The captured image, in other words, can cause an awful lot of trouble. Panahi may be operating worlds away from either Steven Spielberg or Jordan Peele, but it’s fascinating that all three filmmakers have made movies in the past year — the others are Spielberg’s “The Fabelmans” and Peele’s “Nope” — that express a certain pessimism about the very medium they inhabit. The history of filmmaking, it bears reminding, is also a history of exploitation and abuse. A still photograph or a snippet of footage can bring hidden truths to light, but it can also distort those truths beyond recognition. Film directors, at least like the one Panahi plays here, often operate at a lofty, privileged remove, treating their collaborators like property and eagerly thrusting their cameras in where they seldom belong.

Panahi seems to relish taking himself and his chosen art form to task. But he isn’t really condemning cinema so much as quarreling with it, interrogating it, poking around in its moral gray zones and inviting us to see what he sees. He loves the movies too much — and they’ve clearly sustained him through far too much — for him to entirely dismiss their power. And “No Bears,” steadily darkening as it builds to a climax that feels both inevitable and shattering, is as much an affirmation of that power as a critique of it.

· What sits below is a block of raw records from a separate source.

(* Let $\mathcal{A}=\{A_1,\dots,A_n\}$ be a finite set of quantum systems with finite-dimensional Hilbert spaces, let $\rho$ be a density operator on $\mathcal{H}_{\mathcal{A}}=\mathcal{H}_{A_1}\otimes\cdots\otimes\mathcal{H}_{A_n}$, and let $q\ge 1$. If $I\subseteq J\subseteq\mathcal{A}$ are nonempty, then $$C_q(I)_\rho\le C_q(J)_\rho .$$
   Context: For a nonempty subset $J\subseteq\mathcal{A}$, $\rho_J$ denotes the reduced state (partial trace of $\rho$ over the systems not in $J$). For $q\in(0,1)\cup(1,\infty)$ the Tsallis entropy is $S_q(J)_\rho=\frac{1}{1-q}\left(\operatorname{Tr}\rho_J^q-1\right)$, and $S_1(J)_\rho:=\lim_{q\to1}S_q(J)_\rho=-\operatorname{Tr}\rho_J\log\rho_J$ is the von Neumann entropy. The $q$-deformed total correlation is $C_q(J)_\rho=\sum_{v\in J}S_q(\{v\})_\rho-S_q(J)_\rho$, the sum running over the single systems $v\in J$; for $q=1$ this is the total correlation $C(J)_\rho=\sum_{v\in J}S(\{v\})_\rho-S(J)_\rho$. *)

theory Defs
  imports Complex_Main "HOL-Computational_Algebra.Fundamental_Theorem_Algebra"
    "Jordan_Normal_Form.Char_Poly"
begin

text \<open>Systems are elements of a type 'a; the system v carries the Hilbert space
  C^(d v) with computational basis indexed by 0 .. d v - 1. The Hilbert space of a
  finite set S of systems has as orthonormal basis the configurations of S, i.e.
  functions assigning to each v in S a basis index below d v (and 0 outside S).\<close>

type_synonym 'a config = "'a \<Rightarrow> nat"
type_synonym 'a op = "'a config \<Rightarrow> 'a config \<Rightarrow> complex"

definition configs :: "('a \<Rightarrow> nat) \<Rightarrow> 'a set \<Rightarrow> 'a config set" where
  "configs d S = {f. (\<forall>v\<in>S. f v < d v) \<and> (\<forall>v. v \<notin> S \<longrightarrow> f v = 0)}"

definition density_op :: "('a \<Rightarrow> nat) \<Rightarrow> 'a set \<Rightarrow> 'a op \<Rightarrow> bool" where
  "density_op d S \<rho> \<longleftrightarrow>
     (\<forall>\<psi> :: 'a config \<Rightarrow> complex.
        (\<Sum>x\<in>configs d S. \<Sum>y\<in>configs d S. cnj (\<psi> x) * \<rho> x y * \<psi> y) \<in> \<real> \<and>
        Re (\<Sum>x\<in>configs d S. \<Sum>y\<in>configs d S. cnj (\<psi> x) * \<rho> x y * \<psi> y) \<ge> 0)
     \<and> (\<Sum>x\<in>configs d S. \<rho> x x) = 1"

definition glue :: "'a set \<Rightarrow> 'a config \<Rightarrow> 'a config \<Rightarrow> 'a config" where
  "glue J x z = (\<lambda>v. if v \<in> J then x v else z v)"

definition reduced :: "('a \<Rightarrow> nat) \<Rightarrow> 'a set \<Rightarrow> 'a op \<Rightarrow> 'a set \<Rightarrow> 'a op" where
  "reduced d A \<rho> J x y = (\<Sum>z\<in>configs d (A - J). \<rho> (glue J x z) (glue J y z))"

text \<open>Matrix of an operator on H_S w.r.t. some fixed enumeration of the basis
  (its characteristic polynomial does not depend on the enumeration).\<close>
definition enum_configs :: "('a \<Rightarrow> nat) \<Rightarrow> 'a set \<Rightarrow> nat \<Rightarrow> 'a config" where
  "enum_configs d S = (SOME e. bij_betw e {..<card (configs d S)} (configs d S))"

definition op_mat :: "('a \<Rightarrow> nat) \<Rightarrow> 'a set \<Rightarrow> 'a op \<Rightarrow> complex mat" where
  "op_mat d S M = (let N = card (configs d S); e = enum_configs d S in
                   mat N N (\<lambda>(i, j). M (e i) (e j)))"

definition eigenvalues :: "('a \<Rightarrow> nat) \<Rightarrow> 'a set \<Rightarrow> 'a op \<Rightarrow> complex multiset" where
  "eigenvalues d S M = proots (char_poly (op_mat d S M))"

text \<open>For a Hermitian operator, Tr f(rho_J) is the sum of
  f over its (real) eigenvalues; for q > 0 we have 0 powr q = 0, and ln 0 = 0 in
  Isabelle, which realises 0 log 0 = 0.\<close>
definition tsallis :: "real \<Rightarrow> ('a \<Rightarrow> nat) \<Rightarrow> 'a set \<Rightarrow> 'a op \<Rightarrow> 'a set \<Rightarrow> real" where
  "tsallis q d A \<rho> J =
     (let ev = eigenvalues d J (reduced d A \<rho> J) in
      if q = 1 then (\<Sum>e\<in>#ev. - Re e * ln (Re e))
      else ((\<Sum>e\<in>#ev. Re e powr q) - 1) / (1 - q))"

definition total_corr :: "real \<Rightarrow> ('a \<Rightarrow> nat) \<Rightarrow> 'a set \<Rightarrow> 'a op \<Rightarrow> 'a set \<Rightarrow> real" where
  "total_corr q d A \<rho> J = (\<Sum>v\<in>J. tsallis q d A \<rho> {v}) - tsallis q d A \<rho> J"

end

theory Submission
  imports Defs "Jordan_Normal_Form.Schur_Decomposition" "HOL-Analysis.Convex"
begin

text \<open>
  Since \<open>C\<^sub>q(J) - C\<^sub>q(I) = S\<^sub>q(I) + (\<Sum>v\<in>J - I. S\<^sub>q({v})) - S\<^sub>q(J)\<close>, the claim follows by
  iterating subadditivity \<open>S\<^sub>q(X \<union> Y) \<le> S\<^sub>q(X) + S\<^sub>q(Y)\<close> for disjoint \<open>X\<close>, \<open>Y\<close>; the case
  \<open>q = 1\<close> is the limit \<open>q \<rightarrow> 1\<^sup>+\<close>. For \<open>q > 1\<close> subadditivity is equivalent to
  \<open>Tr \<rho>\<^sub>X\<^sup>q + Tr \<rho>\<^sub>Y\<^sup>q \<le> 1 + Tr \<rho>\<^bsub>XY\<^esub>\<^sup>q\<close> (Audenaert). Expand \<open>\<rho>\<^sub>X\<close>, \<open>\<rho>\<^sub>Y\<close>, \<open>\<rho>\<^bsub>XY\<^esub>\<close> in
  orthonormal eigenbases \<open>u\<^sub>i\<close>, \<open>w\<^sub>j\<close>, \<open>e\<^sub>k\<close> with eigenvalues \<open>a\<^sub>i\<close>, \<open>b\<^sub>j\<close>, \<open>\<lambda>\<^sub>k\<close>. The weights
  \<open>D\<^sub>k\<^sub>i\<^sub>j = |\<langle>u\<^sub>i \<otimes> w\<^sub>j, e\<^sub>k\<rangle>|\<^sup>2\<close> are doubly stochastic between \<open>k\<close> and \<open>(i, j)\<close>, and
  \<open>a\<^sub>i = \<Sum>\<^sub>j\<^sub>k \<lambda>\<^sub>k D\<^sub>k\<^sub>i\<^sub>j\<close>, \<open>b\<^sub>j = \<Sum>\<^sub>i\<^sub>k \<lambda>\<^sub>k D\<^sub>k\<^sub>i\<^sub>j\<close>. With \<open>\<alpha>\<close>, \<open>\<beta>\<close>, \<open>\<gamma>\<close> the \<open>q\<close>-norms of
  \<open>a\<close>, \<open>b\<close>, \<open>\<lambda>\<close> and \<open>p\<close>, \<open>s\<close> the Hoelder-dual unit vectors of \<open>a\<close>, \<open>b\<close>, the inequality
  \<open>(1 - p\<^sub>i)(1 - s\<^sub>j) \<ge> 0\<close> gives \<open>\<alpha> + \<beta> \<le> 1 + \<Sum> \<lambda>\<^sub>k D\<^sub>k\<^sub>i\<^sub>j p\<^sub>i s\<^sub>j\<close>, Young's inequality
  bounds the last sum by \<open>\<gamma>\<close>, and convexity of \<open>t \<mapsto> t\<^sup>q\<close> turns \<open>\<alpha> + \<beta> \<le> 1 + \<gamma>\<close> into
  \<open>\<alpha>\<^sup>q + \<beta>\<^sup>q \<le> 1 + \<gamma>\<^sup>q\<close>.
\<close>

section \<open>Unitary diagonalisation of Hermitian matrices\<close>

lemma index_mat_adjoint [simp]:
  "i < dim_col M \<Longrightarrow> j < dim_row M \<Longrightarrow> mat_adjoint M $$ (i, j) = conjugate (M $$ (j, i))"
  unfolding mat_adjoint_def by (simp add: mat_of_rows_index)

lemma mat_adjoint_dim [simp]:
  "dim_row (mat_adjoint M) = dim_col M" "dim_col (mat_adjoint M) = dim_row M"
  unfolding mat_adjoint_def by simp_all

lemma mat_adjoint_adjoint [simp]: "mat_adjoint (mat_adjoint M) = M"
  by (rule eq_matI) auto

lemma mat_adjoint_carrier: "M \<in> carrier_mat n m \<Longrightarrow> mat_adjoint M \<in> carrier_mat m n"
  by auto

lemma mat_adjoint_mult:
  fixes A B :: "complex mat"
  assumes "A \<in> carrier_mat nr n" "B \<in> carrier_mat n nc"
  shows "mat_adjoint (A * B) = mat_adjoint B * mat_adjoint A"
  using assms by (intro eq_matI) (auto simp: scalar_prod_def mult.commute)

definition unitary :: "nat \<Rightarrow> complex mat \<Rightarrow> bool" where
  "unitary n U \<longleftrightarrow> U \<in> carrier_mat n n \<and> mat_adjoint U * U = 1\<^sub>m n"

definition hermitian :: "complex mat \<Rightarrow> bool" where
  "hermitian A \<longleftrightarrow> mat_adjoint A = A"

lemma unitary_right_inverse: "unitary n U \<Longrightarrow> U * mat_adjoint U = 1\<^sub>m n"
  unfolding unitary_def by (metis mat_adjoint_carrier mat_mult_left_right_inverse)

lemma unitary_mult:
  assumes U: "unitary n U" and V: "unitary n V"
  shows "unitary n (U * V)"
proof -
  have U': "U \<in> carrier_mat n n" and V': "V \<in> carrier_mat n n"
    using U V by (auto simp: unitary_def)
  have aU: "mat_adjoint U \<in> carrier_mat n n" and aV: "mat_adjoint V \<in> carrier_mat n n"
    using U' V' by auto
  have "mat_adjoint (U * V) * (U * V) = mat_adjoint V * ((mat_adjoint U * U) * V)"
    using U' V' aU aV by (simp add: mat_adjoint_mult assoc_mult_mat[of _ n n _ n _ n])
  also have "\<dots> = 1\<^sub>m n"
    using U V V' by (simp add: unitary_def)
  finally show ?thesis using U' V' by (simp add: unitary_def)
qed

lemma cscalar_square_real:
  fixes w :: "complex vec"
  shows "Im (w \<bullet>c w) = 0" "Re (w \<bullet>c w) \<ge> 0"
proof -
  have "w \<bullet>c w \<ge> 0" by (rule conjugate_square_ge_0_vec)
  then show "Im (w \<bullet>c w) = 0" "Re (w \<bullet>c w) \<ge> 0" by (auto simp: less_eq_complex_def)
qed

lemma unitary_normalised_cols:
  fixes ws :: "complex vec list"
  assumes ws: "set ws \<subseteq> carrier_vec n" "corthogonal ws" "length ws = n"
  defines "nr \<equiv> \<lambda>w. sqrt (Re (w \<bullet>c w))"
  shows "unitary n (mat_of_cols n (map (\<lambda>w. complex_of_real (1 / nr w) \<cdot>\<^sub>v w) ws))"
proof -
  define W where "W = mat_of_cols n (map (\<lambda>w. complex_of_real (1 / nr w) \<cdot>\<^sub>v w) ws)"
  have W: "W \<in> carrier_mat n n" using ws unfolding W_def by auto
  have wsi: "ws ! i \<in> carrier_vec n" if "i < n" for i using ws that by auto
  have Wij: "W $$ (k, i) = complex_of_real (1 / nr (ws ! i)) * (ws ! i $ k)"
    if "i < n" "k < n" for i k
    using that wsi[OF that(1)] ws unfolding W_def by (simp add: mat_of_cols_index)
  have unit: "cnj (complex_of_real (1 / nr w)) * complex_of_real (1 / nr w) * (w \<bullet>c w) = 1"
    if "w \<in> carrier_vec n" "w \<noteq> 0\<^sub>v n" for w
  proof -
    have "w \<bullet>c w > 0" using that by simp
    then have pos: "Re (w \<bullet>c w) > 0" by (simp add: less_complex_def)
    have "w \<bullet>c w = complex_of_real (nr w ^ 2)"
      using cscalar_square_real[of w] pos unfolding nr_def by (simp add: complex_eq_iff)
    moreover have "(1 / nr w) * (1 / nr w) * (nr w ^ 2) = 1"
      using pos unfolding nr_def by (simp add: power2_eq_square)
    ultimately show ?thesis by (metis complex_cnj_complex_of_real of_real_1 of_real_mult)
  qed
  have "mat_adjoint W * W = 1\<^sub>m n"
  proof (rule eq_matI)
    fix i j assume "i < dim_row (1\<^sub>m n)" and "j < dim_col (1\<^sub>m n)"
    then have i: "i < n" and j: "j < n" by auto
    have "(mat_adjoint W * W) $$ (i, j) = (\<Sum>k<n. cnj (W $$ (k, i)) * W $$ (k, j))"
      using W i j by (simp add: scalar_prod_def atLeast0LessThan)
    also have "\<dots> = cnj (complex_of_real (1 / nr (ws ! i))) * complex_of_real (1 / nr (ws ! j)) *
        (ws ! j \<bullet>c ws ! i)"
      using i j wsi[OF i] wsi[OF j]
      by (simp add: Wij scalar_prod_def sum_distrib_left atLeast0LessThan algebra_simps)
    also have "\<dots> = 1\<^sub>m n $$ (i, j)"
    proof (cases "i = j")
      case True
      have "ws ! i \<noteq> 0\<^sub>v n" using corthogonalD[OF ws(2), of i i] ws(3) i by auto
      then show ?thesis using True unit[OF wsi[OF i]] i by simp
    next
      case False
      then have "ws ! j \<bullet>c ws ! i = 0" using corthogonalD[OF ws(2), of j i] ws(3) i j by auto
      then show ?thesis using False i j by simp
    qed
    finally show "(mat_adjoint W * W) $$ (i, j) = 1\<^sub>m n $$ (i, j)" .
  qed (use W in auto)
  then show ?thesis using W unfolding unitary_def W_def by simp
qed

That ending, marked by tragedy and tears, hits even harder when you consider Panahi’s uncertain future and that of the country now imprisoning him — a place that, as that early scene at the border suggests, he would have difficulty leaving even if he could. The realities of the situation are grim enough that a lesser work might have paled into insignificance, but “No Bears” — the best and bravest new feature I saw last year, a work of extraordinary emotional power, conceptual ingenuity and critical force — somehow manages the opposite. Panahi has made, paradoxically, a great movie about a medium that often falls short of greatness. You long to see him free, not least so he can make another.